lemma age_set_le_supersolution:
  fixes P :: "nat set \<Rightarrow> bool" and B :: "nat set \<Rightarrow> real"
  assumes V: "finite V" and ls: "ls > 0" and l0: "\<And>j. l0 j \<ge> 0"
    and closed: "\<And>S i. P S \<Longrightarrow> S \<subseteq> V \<Longrightarrow> i \<in> nbrs V l S \<Longrightarrow> P (insert i S)"
    and super: "\<And>S. P S \<Longrightarrow> S \<subseteq> V \<Longrightarrow>
       ls \<le> (\<Sum>j\<in>S. l0 j) * B S + (\<Sum>i\<in>nbrs V l S. (\<Sum>j\<in>S. l i j) * (B S - B (insert i S)))"
    and "P S" "S \<subseteq> V"
  shows "age_set V l0 l ls S \<le> B S"
  using assms(6,7)
proof (induction "card V - card S" arbitrary: S rule: less_induct)
  case less
  let ?N = "nbrs V l S" and ?w = "\<lambda>i. \<Sum>j\<in>S. l i j"
  define D where "D = (\<Sum>j\<in>S. l0 j) + (\<Sum>i\<in>?N. ?w i)"
  have w_pos: "?w i > 0" if "i \<in> ?N" for i
    using that by (simp add: nbrs_def)
  have IH: "age_set V l0 l ls (insert i S) \<le> B (insert i S)" if "i \<in> ?N" for i
  proof -
    have "i \<in> V" "i \<notin> S" using that by (auto simp: nbrs_def)
    then have "card V - card (insert i S) < card V - card S"
      using less.prems V finite_subset psubset_card_mono[of V S] by fastforce
    then show ?thesis using less closed that \<open>i \<in> V\<close> by blast
  qed
  have super_S: "ls + (\<Sum>i\<in>?N. ?w i * B (insert i S)) \<le> D * B S"
    using super[OF less.prems]
    by (simp add: D_def algebra_simps sum_subtractf sum_distrib_left)
  have "D > 0"
  proof (rule ccontr)
    have "finite ?N" using V by (simp add: nbrs_def)
    moreover assume "\<not> D > 0"
    ultimately have "(\<Sum>j\<in>S. l0 j) = 0" "?N = {}"
      using sum_nonneg[of S l0] l0 sum_pos[of ?N ?w] w_pos unfolding D_def by force+
    then show False using super[OF less.prems] ls by simp
  qed
  have "age_set V l0 l ls S = (ls + (\<Sum>i\<in>?N. ?w i * age_set V l0 l ls (insert i S))) / D"
    using age_set_unfold[OF V less.prems(2)] by (simp add: D_def)
  also have "\<dots> \<le> (ls + (\<Sum>i\<in>?N. ?w i * B (insert i S))) / D"
    using \<open>D > 0\<close> IH w_pos
    by (intro divide_right_mono add_left_mono sum_mono mult_left_mono) (auto intro: less_imp_le)
  also have "\<dots> \<le> B S"
    using super_S \<open>D > 0\<close> by (simp add: pos_divide_le_eq mult.commute)
  finally show ?case .
qed

lemma sum_unif_l0: "(\<Sum>j\<in>S. unif_l0 n lam j) = real (card S) * lam / real n"
  by (simp add: unif_l0_def)

lemma unif_l_clique_weight:
  assumes "lam > 0" "finite S" "i \<in> K" "i \<notin> S"
    and clique: "\<And>a b. a \<in> K \<Longrightarrow> b \<in> K \<Longrightarrow> a \<noteq> b \<Longrightarrow> link a b"
  shows "real (card (S \<inter> K)) * lam / real n \<le> (\<Sum>j\<in>S. unif_l n lam link i j)"
proof -
  have "(\<Sum>j\<in>S \<inter> K. unif_l n lam link i j) = (\<Sum>j\<in>S \<inter> K. lam / real n)"
    using assms by (intro sum.cong) (auto simp: unif_l_def)
  then have "real (card (S \<inter> K)) * lam / real n = (\<Sum>j\<in>S \<inter> K. unif_l n lam link i j)"
    by simp
  also have "\<dots> \<le> (\<Sum>j\<in>S. unif_l n lam link i j)"
    using assms by (intro sum_mono2) (auto simp: unif_l_def)
  finally show ?thesis .
qed

text \<open>Up to the factor \<open>n \<lambda>\<^sub>s/\<lambda>\<close>, \<open>clique_profile k t\<close> is the age of a \<open>t\<close>-set in an
  isolated \<open>k\<close>-clique with link rate \<open>\<lambda>/n\<close>: it solves the recursion restricted to the clique,
  see \<open>clique_profile_recurrence\<close>.\<close>

definition clique_profile :: "nat \<Rightarrow> nat \<Rightarrow> real" where
  "clique_profile k t = (\<Sum>j=t..k. inverse (real j)) / (real k - real t + 1)"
☆ ☆ ☆
▶ [Aim of the exercise] Exactly how many lines in the records contain the string "Longrightarrow"? Give that number alone.

▶ [Solution to this problem] 3